====== RECORDS FOR THIS EXERCISE ======
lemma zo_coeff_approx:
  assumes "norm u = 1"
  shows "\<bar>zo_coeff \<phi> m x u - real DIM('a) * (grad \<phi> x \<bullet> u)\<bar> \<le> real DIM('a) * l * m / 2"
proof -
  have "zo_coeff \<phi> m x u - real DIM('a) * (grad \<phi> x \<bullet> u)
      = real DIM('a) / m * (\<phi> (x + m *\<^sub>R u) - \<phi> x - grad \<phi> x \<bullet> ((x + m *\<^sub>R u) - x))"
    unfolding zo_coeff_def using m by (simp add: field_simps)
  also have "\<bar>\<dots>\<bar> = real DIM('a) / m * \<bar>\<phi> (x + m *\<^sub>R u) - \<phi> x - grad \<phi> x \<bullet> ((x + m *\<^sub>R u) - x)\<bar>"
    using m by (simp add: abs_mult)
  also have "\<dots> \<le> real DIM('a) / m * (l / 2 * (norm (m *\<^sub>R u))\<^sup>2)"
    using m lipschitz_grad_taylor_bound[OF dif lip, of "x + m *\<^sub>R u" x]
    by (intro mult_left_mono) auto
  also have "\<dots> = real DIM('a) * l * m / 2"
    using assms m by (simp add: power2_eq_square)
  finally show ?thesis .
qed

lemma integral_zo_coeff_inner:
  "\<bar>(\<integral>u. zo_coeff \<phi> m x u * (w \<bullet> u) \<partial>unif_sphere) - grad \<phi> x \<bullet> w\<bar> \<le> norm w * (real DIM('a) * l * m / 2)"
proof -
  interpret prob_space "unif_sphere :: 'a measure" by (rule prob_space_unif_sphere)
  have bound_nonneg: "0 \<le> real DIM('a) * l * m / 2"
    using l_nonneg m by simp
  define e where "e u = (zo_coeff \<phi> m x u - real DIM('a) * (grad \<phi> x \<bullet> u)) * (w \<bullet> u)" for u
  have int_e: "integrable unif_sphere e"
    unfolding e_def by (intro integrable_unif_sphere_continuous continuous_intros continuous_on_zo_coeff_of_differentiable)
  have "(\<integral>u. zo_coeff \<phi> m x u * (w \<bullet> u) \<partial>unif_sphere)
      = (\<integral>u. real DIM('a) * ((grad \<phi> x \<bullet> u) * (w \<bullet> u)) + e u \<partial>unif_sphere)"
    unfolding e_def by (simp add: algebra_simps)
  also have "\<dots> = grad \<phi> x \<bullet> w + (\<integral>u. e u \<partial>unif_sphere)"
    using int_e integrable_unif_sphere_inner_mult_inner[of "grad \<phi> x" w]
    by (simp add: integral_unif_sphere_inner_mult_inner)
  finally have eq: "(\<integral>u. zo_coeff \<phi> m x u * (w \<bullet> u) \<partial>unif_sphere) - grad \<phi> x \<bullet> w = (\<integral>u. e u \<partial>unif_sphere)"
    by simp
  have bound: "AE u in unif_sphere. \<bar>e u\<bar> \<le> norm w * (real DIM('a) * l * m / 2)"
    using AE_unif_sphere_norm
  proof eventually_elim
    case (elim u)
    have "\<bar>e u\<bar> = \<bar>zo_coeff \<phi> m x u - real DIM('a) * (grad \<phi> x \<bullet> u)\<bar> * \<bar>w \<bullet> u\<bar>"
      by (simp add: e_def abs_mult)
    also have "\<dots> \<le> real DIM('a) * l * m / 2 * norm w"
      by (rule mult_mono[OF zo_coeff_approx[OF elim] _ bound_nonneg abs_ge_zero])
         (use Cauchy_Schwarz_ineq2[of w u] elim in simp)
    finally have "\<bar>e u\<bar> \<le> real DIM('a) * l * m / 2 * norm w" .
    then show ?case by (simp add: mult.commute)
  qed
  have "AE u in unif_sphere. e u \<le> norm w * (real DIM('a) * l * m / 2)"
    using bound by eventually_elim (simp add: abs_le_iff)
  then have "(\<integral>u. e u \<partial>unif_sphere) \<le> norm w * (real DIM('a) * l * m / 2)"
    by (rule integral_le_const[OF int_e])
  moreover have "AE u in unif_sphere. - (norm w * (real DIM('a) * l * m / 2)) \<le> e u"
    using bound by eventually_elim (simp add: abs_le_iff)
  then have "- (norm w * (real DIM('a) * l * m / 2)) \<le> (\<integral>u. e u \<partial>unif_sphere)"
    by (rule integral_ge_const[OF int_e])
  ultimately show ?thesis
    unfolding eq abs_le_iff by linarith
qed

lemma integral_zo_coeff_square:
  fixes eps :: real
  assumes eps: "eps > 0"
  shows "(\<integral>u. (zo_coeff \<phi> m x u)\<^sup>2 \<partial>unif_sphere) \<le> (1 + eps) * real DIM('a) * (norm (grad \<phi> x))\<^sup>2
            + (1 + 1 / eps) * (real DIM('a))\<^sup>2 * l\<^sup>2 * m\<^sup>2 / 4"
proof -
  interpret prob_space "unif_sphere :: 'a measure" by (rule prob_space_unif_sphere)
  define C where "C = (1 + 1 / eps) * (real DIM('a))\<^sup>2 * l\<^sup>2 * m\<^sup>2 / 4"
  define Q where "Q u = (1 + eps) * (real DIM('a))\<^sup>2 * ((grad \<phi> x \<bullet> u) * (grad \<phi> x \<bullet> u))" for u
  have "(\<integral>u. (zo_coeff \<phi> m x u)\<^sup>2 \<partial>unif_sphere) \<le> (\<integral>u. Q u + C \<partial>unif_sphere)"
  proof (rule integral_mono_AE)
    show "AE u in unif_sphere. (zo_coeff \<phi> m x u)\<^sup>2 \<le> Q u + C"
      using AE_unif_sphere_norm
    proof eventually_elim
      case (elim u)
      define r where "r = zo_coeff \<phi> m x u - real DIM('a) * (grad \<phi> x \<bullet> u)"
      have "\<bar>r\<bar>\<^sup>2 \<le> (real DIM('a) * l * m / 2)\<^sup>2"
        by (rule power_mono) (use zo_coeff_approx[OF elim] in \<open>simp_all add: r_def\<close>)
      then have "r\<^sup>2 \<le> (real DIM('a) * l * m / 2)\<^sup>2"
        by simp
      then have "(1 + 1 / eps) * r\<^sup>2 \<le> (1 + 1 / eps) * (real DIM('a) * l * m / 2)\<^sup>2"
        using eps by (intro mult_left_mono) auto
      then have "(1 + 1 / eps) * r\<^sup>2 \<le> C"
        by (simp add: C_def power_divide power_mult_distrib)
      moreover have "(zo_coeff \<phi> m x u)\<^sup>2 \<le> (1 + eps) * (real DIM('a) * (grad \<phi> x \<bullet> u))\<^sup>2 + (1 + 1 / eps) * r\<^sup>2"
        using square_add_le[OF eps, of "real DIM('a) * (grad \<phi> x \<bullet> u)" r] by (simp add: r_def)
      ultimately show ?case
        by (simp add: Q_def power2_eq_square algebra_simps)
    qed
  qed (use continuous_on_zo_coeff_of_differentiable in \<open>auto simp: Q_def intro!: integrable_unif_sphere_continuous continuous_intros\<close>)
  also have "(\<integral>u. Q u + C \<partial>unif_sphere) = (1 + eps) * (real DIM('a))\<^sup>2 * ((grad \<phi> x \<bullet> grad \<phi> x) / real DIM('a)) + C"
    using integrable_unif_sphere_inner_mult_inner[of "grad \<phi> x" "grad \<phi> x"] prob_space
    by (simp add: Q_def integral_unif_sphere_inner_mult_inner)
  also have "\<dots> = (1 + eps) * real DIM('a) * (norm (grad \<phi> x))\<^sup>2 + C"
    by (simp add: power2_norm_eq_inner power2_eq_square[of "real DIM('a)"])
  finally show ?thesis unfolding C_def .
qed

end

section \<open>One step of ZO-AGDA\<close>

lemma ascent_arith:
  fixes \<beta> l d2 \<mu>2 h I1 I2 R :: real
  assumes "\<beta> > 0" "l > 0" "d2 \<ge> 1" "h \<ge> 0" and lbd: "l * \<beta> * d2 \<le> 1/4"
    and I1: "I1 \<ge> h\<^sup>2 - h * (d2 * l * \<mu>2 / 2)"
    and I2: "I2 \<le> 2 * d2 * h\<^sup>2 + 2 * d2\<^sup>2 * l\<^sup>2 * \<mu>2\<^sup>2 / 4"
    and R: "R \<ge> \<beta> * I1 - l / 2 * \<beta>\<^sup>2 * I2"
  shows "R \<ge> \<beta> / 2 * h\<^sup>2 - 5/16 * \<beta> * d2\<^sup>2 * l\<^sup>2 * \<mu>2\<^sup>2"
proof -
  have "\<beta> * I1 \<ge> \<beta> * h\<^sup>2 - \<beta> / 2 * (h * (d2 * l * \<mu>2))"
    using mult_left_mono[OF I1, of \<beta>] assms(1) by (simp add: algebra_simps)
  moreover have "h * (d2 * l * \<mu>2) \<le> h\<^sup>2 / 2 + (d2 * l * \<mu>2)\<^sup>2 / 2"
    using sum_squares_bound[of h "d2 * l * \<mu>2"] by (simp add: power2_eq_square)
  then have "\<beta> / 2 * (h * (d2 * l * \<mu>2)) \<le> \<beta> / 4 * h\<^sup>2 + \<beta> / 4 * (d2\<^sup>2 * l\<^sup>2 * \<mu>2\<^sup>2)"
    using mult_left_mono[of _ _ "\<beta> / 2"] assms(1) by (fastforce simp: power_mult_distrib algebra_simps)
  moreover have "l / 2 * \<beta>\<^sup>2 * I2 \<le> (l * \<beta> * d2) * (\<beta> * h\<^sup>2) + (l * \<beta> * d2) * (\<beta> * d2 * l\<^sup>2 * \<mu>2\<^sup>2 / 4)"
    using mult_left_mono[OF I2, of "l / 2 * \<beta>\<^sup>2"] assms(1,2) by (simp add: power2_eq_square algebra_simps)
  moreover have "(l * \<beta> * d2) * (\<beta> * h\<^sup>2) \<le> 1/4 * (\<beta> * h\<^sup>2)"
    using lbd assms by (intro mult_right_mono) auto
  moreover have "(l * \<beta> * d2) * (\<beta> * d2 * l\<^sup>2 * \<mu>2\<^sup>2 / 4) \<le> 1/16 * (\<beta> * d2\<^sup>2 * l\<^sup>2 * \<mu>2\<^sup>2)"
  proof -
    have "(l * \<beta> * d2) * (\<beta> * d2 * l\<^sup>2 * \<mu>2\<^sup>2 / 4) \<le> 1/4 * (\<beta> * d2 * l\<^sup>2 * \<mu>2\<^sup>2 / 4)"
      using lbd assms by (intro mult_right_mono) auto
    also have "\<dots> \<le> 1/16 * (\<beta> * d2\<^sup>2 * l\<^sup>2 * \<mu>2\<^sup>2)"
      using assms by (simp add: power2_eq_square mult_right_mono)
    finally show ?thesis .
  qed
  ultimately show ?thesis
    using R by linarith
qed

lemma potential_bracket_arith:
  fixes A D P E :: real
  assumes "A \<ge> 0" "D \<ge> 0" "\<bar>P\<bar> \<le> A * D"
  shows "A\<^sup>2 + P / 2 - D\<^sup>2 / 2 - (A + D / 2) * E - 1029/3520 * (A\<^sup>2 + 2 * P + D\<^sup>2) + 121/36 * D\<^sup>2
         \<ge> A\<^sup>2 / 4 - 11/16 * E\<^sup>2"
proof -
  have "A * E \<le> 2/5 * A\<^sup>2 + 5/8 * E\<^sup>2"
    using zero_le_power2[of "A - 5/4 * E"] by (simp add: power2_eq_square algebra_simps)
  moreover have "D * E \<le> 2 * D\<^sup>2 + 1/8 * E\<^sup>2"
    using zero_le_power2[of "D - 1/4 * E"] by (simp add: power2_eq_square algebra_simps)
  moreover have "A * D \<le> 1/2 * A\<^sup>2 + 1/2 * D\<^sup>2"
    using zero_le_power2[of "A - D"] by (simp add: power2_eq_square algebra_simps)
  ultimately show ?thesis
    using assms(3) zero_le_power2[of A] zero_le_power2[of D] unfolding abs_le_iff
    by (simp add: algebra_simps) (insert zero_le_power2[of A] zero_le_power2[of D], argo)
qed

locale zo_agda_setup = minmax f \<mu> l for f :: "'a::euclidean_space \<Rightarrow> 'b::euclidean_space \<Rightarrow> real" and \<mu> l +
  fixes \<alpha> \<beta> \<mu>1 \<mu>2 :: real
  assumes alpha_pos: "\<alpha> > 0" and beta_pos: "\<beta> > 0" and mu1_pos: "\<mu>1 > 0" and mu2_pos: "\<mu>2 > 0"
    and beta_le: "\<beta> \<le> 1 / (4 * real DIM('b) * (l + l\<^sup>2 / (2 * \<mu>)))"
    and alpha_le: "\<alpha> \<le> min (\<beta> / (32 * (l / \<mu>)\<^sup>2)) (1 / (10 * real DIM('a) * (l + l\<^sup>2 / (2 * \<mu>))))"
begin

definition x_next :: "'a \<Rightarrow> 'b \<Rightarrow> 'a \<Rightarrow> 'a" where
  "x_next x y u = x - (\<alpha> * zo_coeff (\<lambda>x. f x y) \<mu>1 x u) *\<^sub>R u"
======
====== RECORDS FOR THIS EXERCISE ======
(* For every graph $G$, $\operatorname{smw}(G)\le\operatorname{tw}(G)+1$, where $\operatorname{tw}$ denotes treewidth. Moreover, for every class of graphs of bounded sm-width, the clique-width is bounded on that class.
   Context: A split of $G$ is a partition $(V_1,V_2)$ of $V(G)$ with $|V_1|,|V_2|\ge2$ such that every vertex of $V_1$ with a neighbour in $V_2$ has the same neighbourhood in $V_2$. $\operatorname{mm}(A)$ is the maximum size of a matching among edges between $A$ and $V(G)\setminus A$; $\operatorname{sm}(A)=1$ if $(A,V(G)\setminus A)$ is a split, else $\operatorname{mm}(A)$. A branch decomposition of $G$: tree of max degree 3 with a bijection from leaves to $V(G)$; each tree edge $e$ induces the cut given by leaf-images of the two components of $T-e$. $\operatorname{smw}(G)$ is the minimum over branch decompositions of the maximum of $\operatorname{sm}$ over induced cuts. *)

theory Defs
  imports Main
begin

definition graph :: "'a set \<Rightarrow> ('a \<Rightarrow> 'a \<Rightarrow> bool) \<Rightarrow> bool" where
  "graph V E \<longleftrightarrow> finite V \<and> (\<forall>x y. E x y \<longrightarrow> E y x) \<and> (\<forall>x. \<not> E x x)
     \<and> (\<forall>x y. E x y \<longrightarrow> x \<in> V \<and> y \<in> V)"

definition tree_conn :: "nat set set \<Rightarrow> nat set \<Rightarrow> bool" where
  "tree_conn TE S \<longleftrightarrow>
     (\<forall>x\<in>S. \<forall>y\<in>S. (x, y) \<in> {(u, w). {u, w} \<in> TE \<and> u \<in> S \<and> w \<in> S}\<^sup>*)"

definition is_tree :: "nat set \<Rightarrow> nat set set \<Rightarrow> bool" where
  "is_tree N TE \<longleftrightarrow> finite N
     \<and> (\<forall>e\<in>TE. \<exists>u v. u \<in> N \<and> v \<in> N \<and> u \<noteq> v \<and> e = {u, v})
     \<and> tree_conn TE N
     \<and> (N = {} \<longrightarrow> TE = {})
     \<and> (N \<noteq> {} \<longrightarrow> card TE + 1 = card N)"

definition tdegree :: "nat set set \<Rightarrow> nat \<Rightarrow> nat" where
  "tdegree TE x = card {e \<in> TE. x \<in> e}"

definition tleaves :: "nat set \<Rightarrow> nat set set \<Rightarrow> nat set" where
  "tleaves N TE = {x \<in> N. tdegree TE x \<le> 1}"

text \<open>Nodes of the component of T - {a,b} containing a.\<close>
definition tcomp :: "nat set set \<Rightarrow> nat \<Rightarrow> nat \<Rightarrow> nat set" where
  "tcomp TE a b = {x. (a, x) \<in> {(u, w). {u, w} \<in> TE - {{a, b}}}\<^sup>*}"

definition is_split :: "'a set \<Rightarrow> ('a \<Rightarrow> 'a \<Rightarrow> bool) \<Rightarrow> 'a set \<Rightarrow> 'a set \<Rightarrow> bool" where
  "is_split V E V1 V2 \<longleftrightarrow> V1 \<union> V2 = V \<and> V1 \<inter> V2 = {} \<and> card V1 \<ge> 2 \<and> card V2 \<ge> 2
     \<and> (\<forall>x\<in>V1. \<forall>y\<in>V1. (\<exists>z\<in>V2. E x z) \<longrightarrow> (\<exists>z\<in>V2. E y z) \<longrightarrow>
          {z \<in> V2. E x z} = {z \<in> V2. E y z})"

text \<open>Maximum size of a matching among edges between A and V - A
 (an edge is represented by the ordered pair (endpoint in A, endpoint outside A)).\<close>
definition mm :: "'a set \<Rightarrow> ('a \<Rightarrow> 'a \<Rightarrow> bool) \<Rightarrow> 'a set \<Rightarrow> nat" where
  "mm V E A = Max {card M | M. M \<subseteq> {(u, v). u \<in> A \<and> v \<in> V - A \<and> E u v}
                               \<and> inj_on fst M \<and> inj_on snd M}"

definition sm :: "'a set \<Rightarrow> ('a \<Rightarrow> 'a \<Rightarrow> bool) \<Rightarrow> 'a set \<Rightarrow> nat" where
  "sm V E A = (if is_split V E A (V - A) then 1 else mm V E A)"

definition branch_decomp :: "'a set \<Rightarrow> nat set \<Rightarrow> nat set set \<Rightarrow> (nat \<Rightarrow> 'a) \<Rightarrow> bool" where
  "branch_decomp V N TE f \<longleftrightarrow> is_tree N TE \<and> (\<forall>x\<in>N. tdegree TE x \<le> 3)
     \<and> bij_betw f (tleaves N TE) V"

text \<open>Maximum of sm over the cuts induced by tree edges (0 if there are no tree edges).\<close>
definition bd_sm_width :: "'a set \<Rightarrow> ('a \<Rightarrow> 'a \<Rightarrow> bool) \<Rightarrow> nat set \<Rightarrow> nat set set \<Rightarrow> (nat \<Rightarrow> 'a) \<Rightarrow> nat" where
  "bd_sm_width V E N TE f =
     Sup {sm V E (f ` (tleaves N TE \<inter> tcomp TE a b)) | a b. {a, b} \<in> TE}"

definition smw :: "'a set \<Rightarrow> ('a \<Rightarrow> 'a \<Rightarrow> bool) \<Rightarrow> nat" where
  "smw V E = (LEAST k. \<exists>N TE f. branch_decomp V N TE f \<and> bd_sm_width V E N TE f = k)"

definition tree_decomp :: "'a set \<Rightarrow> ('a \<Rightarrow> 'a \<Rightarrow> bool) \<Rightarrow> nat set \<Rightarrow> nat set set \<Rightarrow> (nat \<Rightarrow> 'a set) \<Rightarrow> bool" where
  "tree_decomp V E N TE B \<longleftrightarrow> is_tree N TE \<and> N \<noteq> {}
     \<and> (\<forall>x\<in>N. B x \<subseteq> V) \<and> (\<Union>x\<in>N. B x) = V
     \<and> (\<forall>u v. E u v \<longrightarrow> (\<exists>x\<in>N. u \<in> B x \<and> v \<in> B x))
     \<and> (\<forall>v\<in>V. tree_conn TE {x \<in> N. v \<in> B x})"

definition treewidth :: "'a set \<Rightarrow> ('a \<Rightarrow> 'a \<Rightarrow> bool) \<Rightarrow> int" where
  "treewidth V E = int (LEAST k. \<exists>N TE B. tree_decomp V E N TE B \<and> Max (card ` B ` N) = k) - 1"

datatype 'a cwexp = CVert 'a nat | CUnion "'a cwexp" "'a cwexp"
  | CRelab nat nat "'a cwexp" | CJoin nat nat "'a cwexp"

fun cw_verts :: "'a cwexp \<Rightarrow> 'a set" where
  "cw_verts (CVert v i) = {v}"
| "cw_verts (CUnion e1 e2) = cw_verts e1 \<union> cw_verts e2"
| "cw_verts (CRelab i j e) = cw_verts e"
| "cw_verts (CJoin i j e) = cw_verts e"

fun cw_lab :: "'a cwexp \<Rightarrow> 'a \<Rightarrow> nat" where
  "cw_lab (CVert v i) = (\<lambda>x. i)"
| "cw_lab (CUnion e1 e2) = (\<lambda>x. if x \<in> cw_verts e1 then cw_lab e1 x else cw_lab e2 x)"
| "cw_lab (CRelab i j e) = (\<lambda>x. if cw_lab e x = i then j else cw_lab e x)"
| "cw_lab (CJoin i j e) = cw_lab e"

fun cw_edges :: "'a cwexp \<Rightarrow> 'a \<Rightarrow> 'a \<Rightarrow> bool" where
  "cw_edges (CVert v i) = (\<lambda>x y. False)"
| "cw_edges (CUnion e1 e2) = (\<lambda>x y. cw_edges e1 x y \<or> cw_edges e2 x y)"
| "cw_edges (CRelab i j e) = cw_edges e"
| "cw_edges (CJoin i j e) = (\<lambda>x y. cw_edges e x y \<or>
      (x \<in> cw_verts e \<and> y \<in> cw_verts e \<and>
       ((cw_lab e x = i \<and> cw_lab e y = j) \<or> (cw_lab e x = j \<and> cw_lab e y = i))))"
======
EXERCISE DIRECTIONS
Go through the records above and copy each line where "LEAST" is found.

WRITTEN ANSWER
  "smw V E = (LEAST k. \<exists>N TE f. branch_decomp V N TE f \<and> bd_sm_width V E N TE f = k)"
  "treewidth V E = int (LEAST k. \<exists>N TE B. tree_decomp V E N TE B \<and> Max (card ` B ` N) = k) - 1"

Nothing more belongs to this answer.